How can racism, homophobia, transphobia, misogyny and ableism in sport be tackled?

  1. People with a learning disability face significant barriers to playing an active role in their community. We know that children with special educational needs (SEN) are twice as likely to be bullied regularly than children with no SEN[1] and only 6% of adults with a learning disability known to their local authority were in paid employment in England[2].


  1. To help tackle this we delivered a series of leadership programmes with StreetGames. This aimed to train 500 people with a learning disability to become leaders in the sector and deliver sports sessions. We hope that this programme will increase awareness of learning disability, ensuring people with a learning disability are leaders rather than just beneficiaries, and affect positive change in local communities.

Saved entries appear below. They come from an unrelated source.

(* Let $a$ be a smooth, positive, increasing function on $(0,\infty)$ and consider the two-dimensional Robertson–Walker spacetime $ds^2=-dt^2+a^2(t)\,d\chi^2$ with comoving worldlines $\beta_0:\chi=0$, $\beta_1:\chi=\chi_1$, $\beta_2:\chi=\chi_2$. Let $v_s$ denote one of the four geometric relative velocities (Fermi, kinematic, spectroscopic, astrometric), and suppose there is an injective function $f$ such that for every comoving observer $\beta_j$ ($\chi=\chi_j$), every proper time $\tau$ of $\beta_j$ and every comoving particle with coordinate $\chi$ (in the range where $v_s$ is defined), the geometric velocity of the particle relative to $\beta_j$ at proper time $\tau$ equals $f(v)$, where $v=\dot a(\tau)(\chi-\chi_j)$ is the Hubble velocity. Let $v_{s1}$ be the geometric velocity of $\beta_1$ relative to $\beta_0$ at proper time $\tau_0^-$ of $\beta_0$, $v_{s2}$ the geometric velocity of $\beta_2$ relative to $\beta_1$ at proper time $\tau_1$ of $\beta_1$, and $v_{s3}$ the geometric velocity of $\beta_2$ relative to $\beta_0$ at proper time $\tau_0^+$ of $\beta_0$ (possibly $\tau_0^-=\tau_0^+$). Then, provided $\dot a(\tau_0^-)\ne0$ and $\dot a(\tau_1)\neq0$, $$v_{s3}=f\!\left(\frac{\dot a(\tau_0^+)}{\dot a(\tau_0^-)}f^{-1}(v_{s1})+\frac{\dot a(\tau_0^+)}{\dot a(\tau_1)}f^{-1}(v_{s2})\right).$$
   Context: Comoving worldlines $\chi=\text{const}$ are parametrized by $t$, their proper time. The Hubble velocity of a comoving particle with coordinate $\chi$ relative to the comoving observer at $\chi_j$ at cosmological time $\tau$ is $\dot a(\tau)(\chi-\chi_j)$ (rate of change of proper distance on the slice $t=\tau$). The geometric relative velocities are the scalar components (along $a^{-1}\partial_\chi$) of the Fermi, kinematic, spectroscopic and astrometric relative velocities of the particle with respect to the observer at its proper time $\tau$. *)

theory Defs
  imports "HOL-Analysis.Analysis"
begin

definition RW_scale_factor :: "(real \<Rightarrow> real) \<Rightarrow> bool" where
  "RW_scale_factor a \<longleftrightarrow>
     (\<forall>n. \<forall>t>0. ((deriv ^^ n) a) differentiable (at t)) \<and>
     (\<forall>t>0. a t > 0) \<and> mono_on {0<..} a"

end

theory Submission
  imports Defs
begin

text \<open>Dividing a Hubble velocity by \<open>\<dot>a(\<tau>)\<close> recovers a comoving coordinate difference, these
  differences add along \<open>\<chi>\<^sub>0, \<chi>\<^sub>1, \<chi>\<^sub>2\<close>, and injectivity of f lets \<open>inv f\<close> undo f.\<close>

lemma hubble_velocity_composition:
  fixes H f :: "real \<Rightarrow> real" and \<chi>0 \<chi>1 \<chi>2 t0m t0p t1 :: real
  assumes "inj f" and "H t0m \<noteq> 0" and "H t1 \<noteq> 0"
  shows "f (H t0p * (\<chi>2 - \<chi>0)) =
    f (H t0p / H t0m * inv f (f (H t0m * (\<chi>1 - \<chi>0)))
       + H t0p / H t1 * inv f (f (H t1 * (\<chi>2 - \<chi>1))))"
proof -
  have "H t0p * (\<chi>2 - \<chi>0) =
      H t0p / H t0m * (H t0m * (\<chi>1 - \<chi>0)) + H t0p / H t1 * (H t1 * (\<chi>2 - \<chi>1))"
    using assms(2,3) by (simp add: field_simps)
  then show ?thesis
    using \<open>inj f\<close> by (simp add: inv_f_f)
qed

theorem theorem5:
  fixes a :: "real \<Rightarrow> real"
    and vs :: "real \<Rightarrow> real \<Rightarrow> real \<Rightarrow> real"
    and Dom :: "real \<Rightarrow> real \<Rightarrow> real \<Rightarrow> bool"
    and f :: "real \<Rightarrow> real"
    and c1 c2 \<tau>0m \<tau>0p \<tau>1 :: real
  assumes "RW_scale_factor a"
    and "inj f"
    and hyp: "\<And>cj \<tau> c. cj \<in> {0, c1, c2} \<Longrightarrow> \<tau> > 0 \<Longrightarrow> Dom cj \<tau> c \<Longrightarrow>
              vs cj \<tau> c = f (deriv a \<tau> * (c - cj))"
    and "\<tau>0m > 0" and "\<tau>0p > 0" and "\<tau>1 > 0"
    and "Dom 0 \<tau>0m c1" and "Dom c1 \<tau>1 c2" and "Dom 0 \<tau>0p c2"
    and "deriv a \<tau>0m \<noteq> 0" and "deriv a \<tau>1 \<noteq> 0"
  shows "vs 0 \<tau>0p c2 =
    f (deriv a \<tau>0p / deriv a \<tau>0m * inv f (vs 0 \<tau>0m c1)
       + deriv a \<tau>0p / deriv a \<tau>1 * inv f (vs c1 \<tau>1 c2))"
proof -
  have v1: "vs 0 \<tau>0m c1 = f (deriv a \<tau>0m * (c1 - 0))"
    using hyp \<open>\<tau>0m > 0\<close> \<open>Dom 0 \<tau>0m c1\<close> by blast
  have v2: "vs c1 \<tau>1 c2 = f (deriv a \<tau>1 * (c2 - c1))"
    using hyp \<open>\<tau>1 > 0\<close> \<open>Dom c1 \<tau>1 c2\<close> by blast
  have v3: "vs 0 \<tau>0p c2 = f (deriv a \<tau>0p * (c2 - 0))"
    using hyp \<open>\<tau>0p > 0\<close> \<open>Dom 0 \<tau>0p c2\<close> by blast
  show ?thesis
    unfolding v1 v2 v3
    using hubble_velocity_composition \<open>inj f\<close> \<open>deriv a \<tau>0m \<noteq> 0\<close> \<open>deriv a \<tau>1 \<noteq> 0\<close> .
qed

end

  1. Elite and professional sports have an important role to play in supporting grassroots clubs. We are pleased to say that there has been improvement in this relationship over the past few years in their approach to disability, which has been highlighted by the recent improvements in physical activity amongst disabled people. This has been particularly through community sports clubs with rugby league being one of the best examples. However, there is a real risk of this progress being undone as the sector has been adversely impacted by lockdown and the closure of facilities. .


  1. While there are significant gaps in pathways from grassroots to the elite level for people with a learning disability, we are concerned about the growing movement towards elite bodies self-regulating. A move towards having elite bodies in essence evaluating their work, could lead to a higher focus on programmes supporting the elite level of the game, rather than more resource intensive interventions to increase participation amongst disabled participants whilst decreasing accountability for the sport providing community benefits. This lack of accountability and whole sport approach risks seeing current levels of support for grassroots sports reduce or removed entirely to focus increasingly on programmes supporting the elite level, rather than developing opportunities for everyone.

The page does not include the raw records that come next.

(* For every $\lambda>0$, \[ \lambda\,u(1_{S_{\mathrm u}},\lambda)\le\big(\mathfrak p_{i,j}(S_{\mathrm u})\big)_{(i,j)\in\mathcal{IJ}} \] (coordinatewise). Moreover, equality holds provided $\mathfrak p_{i,j}(S_{\mathrm u})=1$ for all $(i,j)\in\mathcal{IJ}$.
   Context: Let $S_1,\dots,S_N$ be disjoint compact metrizable separable spaces and $A_i$ generators of Feller semigroups (positive contraction semigroups, not necessarily conservative) on $C(S_i)$ with resolvents $R_{\lambda,i}=(\lambda-A_i)^{-1}$. Assume $A_1,\dots,A_M$ ($1\le M\le N$) are not conservative and the rest conservative. For $i\in\mathcal M=\{1,\dots,M\}$, assume the kernel of $A_i$ is trivial and there are continuous functions $\phi^{i,j}$, $j=1,\dots,\kappa(i)$, with $0\le\phi^{i,j}\le1_{S_i}$, $\lambda R_{\lambda,i}\phi^{i,j}\le\phi^{i,j}$ for all $\lambda>0$, $\lambda R_{\lambda,i}\phi^{i,j}\ne\phi^{i,j}$, and $\sum_{j=1}^{\kappa(i)}\phi^{i,j}=1_{S_i}$. Let $\ell^{i,j}_\lambda=\phi^{i,j}-\lambda R_{\lambda,i}\phi^{i,j}$, $\mathcal{IJ}=\{(i,j):i\in\mathcal M,1\le j\le\kappa(i)\}$, $\kappa=\sum_{i\in\mathcal M}\kappa(i)$. Let $S_{\mathrm u}$ be the disjoint union of the $S_i$ (functions on $S_i$ extended by zero; $f_i=f1_{S_i}$), $R^{\mathrm{du}}_\lambda f=\sum_{i=1}^NR_{\lambda,i}f_i$, and $\mathfrak p_{i,j}$, $(i,j)\in\mathcal{IJ}$, Borel sub-probability measures on $S_{\mathrm u}$. Let $N_\lambda:\mathbb R^\kappa\to\mathbb R^\kappa$, $(N_\lambda w)_{i,j}=\sum_{k\in\mathcal M}\sum_{l=1}^{\kappa(k)}w_{k,l}\int_{S_k}\ell^{k,l}_\lambda\,\mathrm d\mathfrak p_{i,j}$; $\|N_\lambda\|<1$ and $M_\lambda=I-N_\lambda$ is invertible. For $f\in C(S_{\mathrm u})$, $v(f,\lambda)=\big(\int_{S_{\mathrm u}}R^{\mathrm{du}}_\lambda f\,\mathrm d\mathfrak p_{i,j}\big)_{(i,j)\in\mathcal{IJ}}$ and $u(f,\lambda)=M_\lambda^{-1}v(f,\lambda)$, i.e. the unique solution of $u=v(f,\lambda)+N_\lambda u$. *)

theory Defs
  imports "HOL-Probability.Probability"
begin

text \<open>C(S): continuous real functions on S, represented as functions on the ambient
  type that vanish outside S (the "extension by zero" convention of the paper).\<close>
definition Cfun :: "'a::topological_space set \<Rightarrow> ('a \<Rightarrow> real) set" where
  "Cfun S = {f. continuous_on S f \<and> (\<forall>x. x \<notin> S \<longrightarrow> f x = 0)}"

definition feller_semigroup ::
  "'a::topological_space set \<Rightarrow> (real \<Rightarrow> ('a \<Rightarrow> real) \<Rightarrow> ('a \<Rightarrow> real)) \<Rightarrow> bool" where
  "feller_semigroup S T \<longleftrightarrow>
     (\<forall>t\<ge>0. \<forall>f\<in>Cfun S. T t f \<in> Cfun S) \<and>
     (\<forall>t\<ge>0. \<forall>f\<in>Cfun S. \<forall>g\<in>Cfun S. \<forall>a b.
        T t (\<lambda>x. a * f x + b * g x) = (\<lambda>x. a * T t f x + b * T t g x)) \<and>
     (\<forall>t\<ge>0. \<forall>f\<in>Cfun S. (\<forall>x\<in>S. 0 \<le> f x) \<longrightarrow> (\<forall>x\<in>S. 0 \<le> T t f x)) \<and>
     (\<forall>t\<ge>0. \<forall>f\<in>Cfun S. \<forall>c. (\<forall>x\<in>S. \<bar>f x\<bar> \<le> c) \<longrightarrow> (\<forall>x\<in>S. \<bar>T t f x\<bar> \<le> c)) \<and>
     (\<forall>f\<in>Cfun S. T 0 f = f) \<and>
     (\<forall>s\<ge>0. \<forall>t\<ge>0. \<forall>f\<in>Cfun S. T (s + t) f = T s (T t f)) \<and>
     (\<forall>f\<in>Cfun S. \<forall>e>0. \<exists>d>0. \<forall>t. 0 < t \<and> t < d \<longrightarrow> (\<forall>x\<in>S. \<bar>T t f x - f x\<bar> \<le> e))"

  1. As a result of few elite level competitions for people with a learning disability, for example only 3 sports are available at a Paralympic level, there is a lack of role models for aspiring athletes. Without increased visibility at a professional level, supported by the sports organisation and sector, increasing the number of athletes with a learning disability at grassroots and their talent pathways will remain a challenge.


Should there be a national plan for sport and recreation? Why/why not?

  1. We agree that there should be a national plan for sport and recreation and at its heart should be a clear vision and framework to break down historic barriers such as disability. However, it cannot be ridged in prescribing directions of travel. The strategy should rather be flexible with a focus on supporting the development of local initiatives and engaging local communities. This would ensure that local needs are met and that the strategy has the best possible opportunity of reaching disadvantaged communities.